» PROBLEM REQUIREMENTS
Repeat the lines below exactly as written, please, from the line with "proof (rule DERIV_neg_imp_decreasing_open[OF" to the line with "exp 3 \<le> (-4)", both lines included, and no others.

» RECORDED DATA
::::::

lemma ht_iso_by_std_copy:
  assumes I: "is_interp num I" and \<omega>: "omega_interp num I" and inj: "inj (cnst I)"
  shows "ht_iso_by (inv (cnst I)) H I (\<lambda>p ds. H p (map (cnst I) ds)) (std_copy num I)"
proof -
  have gdom: "gdom I = range (cnst I)" and idom: "idom I = cnst I ` range num"
    and idom_gdom: "idom I \<subseteq> gdom I"
    using I \<omega> by (auto simp: is_interp_def omega_interp_def)
  have cnst_inv: "cnst I (inv (cnst I) d) = d" if "d \<in> gdom I" for d
    using that gdom by (auto simp: f_inv_into_f)
  have map_cnst_inv: "map (cnst I) (map (inv (cnst I)) ds) = ds" if "ds \<in> lists (gdom I)" for ds
    using that cnst_inv by (induction ds) auto
  have "bij_betw (inv (cnst I)) (gdom I) UNIV"
    using bij_betw_inv_into[OF inj_on_imp_bij_betw[OF inj]] gdom by simp
  moreover have "inv (cnst I) ` idom I = range num"
    by (simp add: idom image_image inv_f_f[OF inj])
  moreover have "cnst I (inv (cnst I) a) = a" if "a \<in> idom I" for a
    using that idom_gdom cnst_inv by blast
  ultimately show ?thesis
    unfolding ht_iso_by_def std_copy_def
    by (simp add: inv_f_f[OF inj] cnst_inv map_cnst_inv del: map_map)
qed

lemma std_copy_if_omega_model:
  fixes num :: "int \<Rightarrow> 'p::linorder" and I :: "('p, 'n, 'd) interp"
  assumes "omega_model num (StdS num \<union> DefsS num) H I"
  defines "H' \<equiv> \<lambda>p ds. H p (map (cnst I) ds)"
  shows "std_ht num H' (std_copy num I) \<and> ht_iso_by (inv (cnst I)) H I H' (std_copy num I)"
proof -
  have H: "ht_interp num H I" and I: "is_interp num I" and \<omega>: "omega_interp num I"
    and Std: "\<forall>F\<in>StdS num. hsat_sent H I F" and Defs: "\<forall>F\<in>DefsS num. hsat_sent H I F"
    using assms by (auto simp: omega_model_def ht_interp_def)
  have J: "std0 num (std_copy num I)" using std0_std_copy[OF I Std] .
  have f: "ht_iso_by (inv (cnst I)) H I H' (std_copy num I)"
    unfolding H'_def using ht_iso_by_std_copy[OF I \<omega> inj_cnst_if_StdS[OF I Std]] .
  have "\<forall>F\<in>DefsS num. hsat_sent H' (std_copy num I) F"
    using Defs hsat_sent_ht_iso_by[OF I f] well_sorted_DefsS by blast
  with J ht_interp_std_copy[OF H J] f show ?thesis
    by (simp add: std_ht_def H'_def)
qed
(* Let $\alpha = 1-\frac{1}{W_{-1}(-2/e^3)+1}\approx 1.3871$, where $W_{-1}$ is the lower real branch of the Lambert $W$-function. For any $\epsilon>0$ and $\frac12>\delta>0$, for any fully-dynamic bin packing algorithm $\mathcal{A}$ with asymptotic competitive ratio $(\alpha-\epsilon)$ and additive term $o(\epsilon\cdot n^{\delta})$, there exists a fully-dynamic bin packing input with $n$ items on which $\mathcal{A}$ uses recourse at least $\Omega(\epsilon^2\cdot n^{1-\delta})$ under unit movement costs.
   Context: Fully-dynamic bin packing: a sequence of updates, each inserting or deleting an item; each item $i$ has a size $s_i\in[0,1]$ and a movement cost $c_i\ge 0$. At each time $t$ the algorithm must maintain a packing of the current set of items $\mathcal{I}_t$ into unit-capacity bins; $OPT(\mathcal{I}_t)$ is the minimum number of unit bins needed for $\mathcal{I}_t$. Moving item $i$ between bins costs $c_i$. An algorithm has asymptotic competitive ratio $\alpha'$, additive term $\beta$ and (amortized) recourse $\gamma$ if at every time $t$ it uses at most $\alpha'\cdot OPT(\mathcal{I}_t)+\beta$ bins and its total movement cost up to time $t$ is at most $\gamma\sum_{i=1}^t c_i$, where $c_i$ is the cost of the item updated at time $i$. Unit movement costs: $c_i=1$ for all items. *)

theory Defs
  imports Complex_Main
begin

text \<open>W_{-1}(x) for -1/e < x < 0: the unique w \<le> -1 with w * exp w = x.\<close>
definition lambertW_m1 :: "real \<Rightarrow> real" where
  "lambertW_m1 x = (THE w. w \<le> -1 \<and> w * exp w = x)"

definition alpha_lb :: real where
  "alpha_lb = 1 - 1 / (lambertW_m1 (- 2 / exp 3) + 1)"

text \<open>Items are identified by natural numbers. An update inserts an item with a
  given size or deletes an item. Unit movement costs throughout.\<close>
datatype update = Ins nat real | Del nat

fun apply_update :: "(nat \<Rightarrow> real option) \<Rightarrow> update \<Rightarrow> (nat \<Rightarrow> real option)" where
  "apply_update S (Ins i s) = S(i \<mapsto> s)"
| "apply_update S (Del i) = S(i := None)"

definition items_after :: "update list \<Rightarrow> (nat \<Rightarrow> real option)" where
  "items_after \<sigma> = foldl apply_update Map.empty \<sigma>"

fun valid_update :: "(nat \<Rightarrow> real option) \<Rightarrow> update \<Rightarrow> bool" where
  "valid_update S (Ins i s) = (i \<notin> dom S \<and> 0 \<le> s \<and> s \<le> 1)"
| "valid_update S (Del i) = (i \<in> dom S)"

definition valid_input :: "update list \<Rightarrow> bool" where
  "valid_input \<sigma> = (\<forall>t < length \<sigma>. valid_update (items_after (take t \<sigma>)) (\<sigma> ! t))"

text \<open>The input has (at most) n items: at every time at most n items are present.\<close>
definition input_size_le :: "update list \<Rightarrow> nat \<Rightarrow> bool" where
  "input_size_le \<sigma> n = (\<forall>t \<le> length \<sigma>. card (dom (items_after (take t \<sigma>))) \<le> n)"

definition load :: "(nat \<Rightarrow> real option) \<Rightarrow> (nat \<Rightarrow> nat) \<Rightarrow> nat \<Rightarrow> real" where
  "load S f b = (\<Sum>i \<in> {i \<in> dom S. f i = b}. the (S i))"

definition feasible_packing :: "(nat \<Rightarrow> real option) \<Rightarrow> (nat \<Rightarrow> nat) \<Rightarrow> bool" where
  "feasible_packing S f = (\<forall>b. load S f b \<le> 1)"

definition bins_used :: "(nat \<Rightarrow> real option) \<Rightarrow> (nat \<Rightarrow> nat) \<Rightarrow> nat" where
  "bins_used S f = card (f ` dom S)"

definition OPT :: "(nat \<Rightarrow> real option) \<Rightarrow> nat" where
  "OPT S = (LEAST k. \<exists>f. feasible_packing S f \<and> bins_used S f = k)"

text \<open>An (online, deterministic) algorithm maps the prefix of updates seen so far
  to the packing it maintains after that prefix.\<close>
type_synonym algorithm = "update list \<Rightarrow> (nat \<Rightarrow> nat)"

text \<open>Number of items moved at step t (items present before and after the update
  whose bin changed); with unit costs this is the movement cost of step t.\<close>
definition moves_at :: "algorithm \<Rightarrow> update list \<Rightarrow> nat \<Rightarrow> nat" where
  "moves_at A \<sigma> t = card {i \<in> dom (items_after (take t \<sigma>)) \<inter> dom (items_after (take (Suc t) \<sigma>)).
                             A (take t \<sigma>) i \<noteq> A (take (Suc t) \<sigma>) i}"

definition total_moves :: "algorithm \<Rightarrow> update list \<Rightarrow> nat" where
  "total_moves A \<sigma> = (\<Sum>t < length \<sigma>. moves_at A \<sigma> t)"

definition competitive_on :: "algorithm \<Rightarrow> real \<Rightarrow> real \<Rightarrow> nat \<Rightarrow> bool" where
  "competitive_on A r \<beta> n =
     (\<forall>\<sigma>. valid_input \<sigma> \<and> input_size_le \<sigma> n \<longrightarrow>
        (\<forall>t \<le> length \<sigma>.
           feasible_packing (items_after (take t \<sigma>)) (A (take t \<sigma>)) \<and>
           real (bins_used (items_after (take t \<sigma>)) (A (take t \<sigma>)))
             \<le> r * real (OPT (items_after (take t \<sigma>))) + \<beta>))"

end

(* Insert M = K L small items of size 1/L; an algorithm of ratio 1 + a packs them in
   about (1 + a) K bins. A round inserts M/j big items of size 1 - j/L for some j between
   theta L and L/2 and deletes them again. Then OPT is about M/j, and every big item needs a bin of
   its own holding at most j small items, so at most a M/j + O(1) bins keep more than j small items.
   A bin that held more than j + h small items before the round keeps more than j of them unless
   h of them move. If every round moved only eps^2 M/1024 items, summing these bounds over the
   layer-cake profile of the packing of the small items (with the harmonic sum over j giving
   ln (1/(2 theta))) would contradict theta + a (theta + ln (1/(2 theta)) + 1) < 1, an inequality that
   holds precisely for a below alpha - 1 by the choice of alpha through Lambert W. Hence each
   round of O(K) updates costs eps^2 M/1024 moves; taking K ~ n^delta, L ~ n^(1 - delta) and L
   rounds gives the recourse bound. For eps >= 2 (alpha - 1) the ratio is below 1 and no
   algorithm exists at all for large n. *)

theory Submission
  imports Defs
begin

section \<open>The constant alpha\<close>

lemma mult_exp_strict_antimono:
  fixes v w :: real
  assumes "v < w" "w \<le> -1"
  shows "w * exp w < v * exp v"
proof (rule DERIV_neg_imp_decreasing_open[OF assms(1)])
  fix x assume "v < x" "x < w"
  then have "(1 + x) * exp x < 0" using assms(2) by (simp add: mult_neg_pos)
  moreover have "DERIV (\<lambda>w. w * exp w) x :> (1 + x) * exp x"
    by (auto intro!: derivative_eq_intros simp: algebra_simps)
  ultimately show "\<exists>y. DERIV (\<lambda>w. w * exp w) x :> y \<and> y < 0" by blast
qed (auto intro!: continuous_intros)

lemma lambertW_m1_mult_exp:
  assumes "w \<le> -1"
  shows "lambertW_m1 (w * exp w) = w"
  unfolding lambertW_m1_def
proof (rule the_equality)
  fix v assume v: "v \<le> -1 \<and> v * exp v = w * exp w"
  show "v = w"
  proof (rule ccontr)
    assume "v \<noteq> w"
    then show False
      using mult_exp_strict_antimono[of v w] mult_exp_strict_antimono[of w v] v assms
      by linarith
  qed
qed (use assms in simp)

lemma lambertW_m1_at_alpha:
  obtains W where "lambertW_m1 (- 2 / exp 3) = W" "W * exp W = - 2 / exp 3" "-4 \<le> W" "W \<le> -3"
proof -
  have e: "2 \<le> exp (1::real)" using exp_ge_add_one_self[of 1] by simp
  have "- 2 / exp 3 \<le> - (4 / exp 1) / exp (3::real)"
  proof -
    have "4 / exp 1 \<le> (2::real)" using e by (simp add: divide_le_eq)
    then have "4 / exp 1 / exp 3 \<le> (2::real) / exp 3" by (rule divide_right_mono) simp
    then show ?thesis by simp
  qed
  also have "\<dots> = (-4) * exp (-4)"
  proof -
    have "exp 1 * exp 3 = exp (4::real)" by (simp flip: exp_add)
    then show ?thesis by (simp add: exp_minus field_simps)
  qed
  finally have hi: "- 2 / exp 3 \<le> (-4) * exp (-4::real)" .
  have lo: "(-3) * exp (-3::real) \<le> - 2 / exp 3"
    by (simp add: exp_minus divide_inverse)
  have "continuous_on {-4..-3} (\<lambda>w::real. w * exp w)"
    by (intro continuous_intros)
  then obtain W :: real where W: "-4 \<le> W" "W \<le> -3" "W * exp W = - 2 / exp 3"
    using IVT2'[of "\<lambda>w. w * exp w", OF lo hi] by auto
  show thesis
    by (rule that[of W]) (use W lambertW_m1_mult_exp[of W] in simp_all)
qed

definition astar :: real where "astar = alpha_lb - 1"

definition theta :: real where "theta = astar / (1 + astar)"

text \<open>With \<open>W = lambertW_m1 (-2 / exp 3)\<close> one has \<open>astar = -1 / (W + 1)\<close>, \<open>theta = -1 / W\<close>
  and \<open>ln (1 / (2 * theta)) = -3 - W\<close>, from which the last identity follows.\<close>
lemma astar_theta_facts:
  "1/3 \<le> astar" "astar \<le> 1/2" "1/4 \<le> theta" "theta \<le> 1/3" "0 \<le> ln (1 / (2 * theta))"
  "theta + astar * (theta + ln (1 / (2 * theta)) + 1) = 1"
proof -
  obtain W where W: "lambertW_m1 (- 2 / exp 3) = W" "W * exp W = - 2 / exp 3" "-4 \<le> W" "W \<le> -3"
    using lambertW_m1_at_alpha .
  have a: "astar = - 1 / (W + 1)"
    using W by (simp add: astar_def alpha_lb_def field_simps)
  have th: "theta = - 1 / W"
    using W by (simp add: theta_def a field_simps)
  show "1/3 \<le> astar" "astar \<le> 1/2" "1/4 \<le> theta" "theta \<le> 1/3"
    using W by (simp_all add: a th field_simps)
  have "ln (- W) + W = ln 2 - 3"
    using W ln_mult[of "- W" "exp W"] by (simp add: ln_div)
  then have l: "ln (1 / (2 * theta)) = - 3 - W"
    using W ln_div[of "- W" 2] by (simp add: th)
  show "0 \<le> ln (1 / (2 * theta))" using W l by simp
  have W0: "W + 1 \<noteq> 0" "W \<noteq> 0" using W by auto
  have "- 1 / W + (- 3 - W) + 1 = - (W + 1)\<^sup>2 / W"
    using W0 by (simp add: field_simps power2_eq_square)
  moreover have "- 1 / (W + 1) * (- (W + 1)\<^sup>2 / W) = (W + 1) / W"
    using W0 by (simp add: power2_eq_square) (simp add: divide_simps)
  ultimately have "- 1 / W + - 1 / (W + 1) * (- 1 / W + (- 3 - W) + 1) = - 1 / W + (W + 1) / W"
    by simp
  also have "\<dots> = 1" using W0 by (simp add: field_simps)
  finally have "- 1 / W + - 1 / (W + 1) * (- 1 / W + (- 3 - W) + 1) = 1" .
  then show "theta + astar * (theta + ln (1 / (2 * theta)) + 1) = 1"
    unfolding l by (simp only: a th)
qed

section \<open>Inputs and movement cost\<close>

lemma items_after_append: "items_after (xs @ ys) = foldl apply_update (items_after xs) ys"
  by (simp add: items_after_def)

lemma items_after_Nil: "items_after [] = Map.empty"
  by (simp add: items_after_def)

lemma finite_dom_items_after: "finite (dom (items_after xs))"
proof -
  have upd: "finite (dom (apply_update S u))" if "finite (dom S)" for S u
    using that by (cases u) auto
  have "finite (dom (foldl apply_update S us))" if "finite (dom S)" for S us
    using that by (induction us arbitrary: S) (simp_all add: upd)
  then show ?thesis by (simp add: items_after_def)
qed

lemma valid_input_Nil: "valid_input []"
  by (simp add: valid_input_def)

lemma input_size_le_Nil: "input_size_le [] n"
  by (simp add: input_size_le_def items_after_def)

lemma valid_input_append:
  "valid_input (xs @ ys) \<longleftrightarrow> valid_input xs \<and>
     (\<forall>t<length ys. valid_update (items_after (xs @ take t ys)) (ys ! t))"
proof -
  have "(\<forall>t<length (xs @ ys). P t) \<longleftrightarrow> (\<forall>t<length xs. P t) \<and> (\<forall>t<length ys. P (length xs + t))" for P
    by (auto, metis add_diff_inverse_nat nat_add_left_cancel_less)
  then show ?thesis by (simp add: valid_input_def nth_append)
qed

::::::

» EXERCISE RESULT
proof (rule DERIV_neg_imp_decreasing_open[OF assms(1)])
  fix x assume "v < x" "x < w"
  then have "(1 + x) * exp x < 0" using assms(2) by (simp add: mult_neg_pos)
  moreover have "DERIV (\<lambda>w. w * exp w) x :> (1 + x) * exp x"
    by (auto intro!: derivative_eq_intros simp: algebra_simps)
  ultimately show "\<exists>y. DERIV (\<lambda>w. w * exp w) x :> y \<and> y < 0" by blast
qed (auto intro!: continuous_intros)

lemma lambertW_m1_mult_exp:
  assumes "w \<le> -1"
  shows "lambertW_m1 (w * exp w) = w"
  unfolding lambertW_m1_def
proof (rule the_equality)
  fix v assume v: "v \<le> -1 \<and> v * exp v = w * exp w"
  show "v = w"
  proof (rule ccontr)
    assume "v \<noteq> w"
    then show False
      using mult_exp_strict_antimono[of v w] mult_exp_strict_antimono[of w v] v assms
      by linarith
  qed
qed (use assms in simp)

lemma lambertW_m1_at_alpha:
  obtains W where "lambertW_m1 (- 2 / exp 3) = W" "W * exp W = - 2 / exp 3" "-4 \<le> W" "W \<le> -3"
proof -
  have e: "2 \<le> exp (1::real)" using exp_ge_add_one_self[of 1] by simp
  have "- 2 / exp 3 \<le> - (4 / exp 1) / exp (3::real)"
  proof -
    have "4 / exp 1 \<le> (2::real)" using e by (simp add: divide_le_eq)
    then have "4 / exp 1 / exp 3 \<le> (2::real) / exp 3" by (rule divide_right_mono) simp
    then show ?thesis by simp
  qed
  also have "\<dots> = (-4) * exp (-4)"
  proof -
    have "exp 1 * exp 3 = exp (4::real)" by (simp flip: exp_add)
    then show ?thesis by (simp add: exp_minus field_simps)
  qed
  finally have hi: "- 2 / exp 3 \<le> (-4) * exp (-4::real)" .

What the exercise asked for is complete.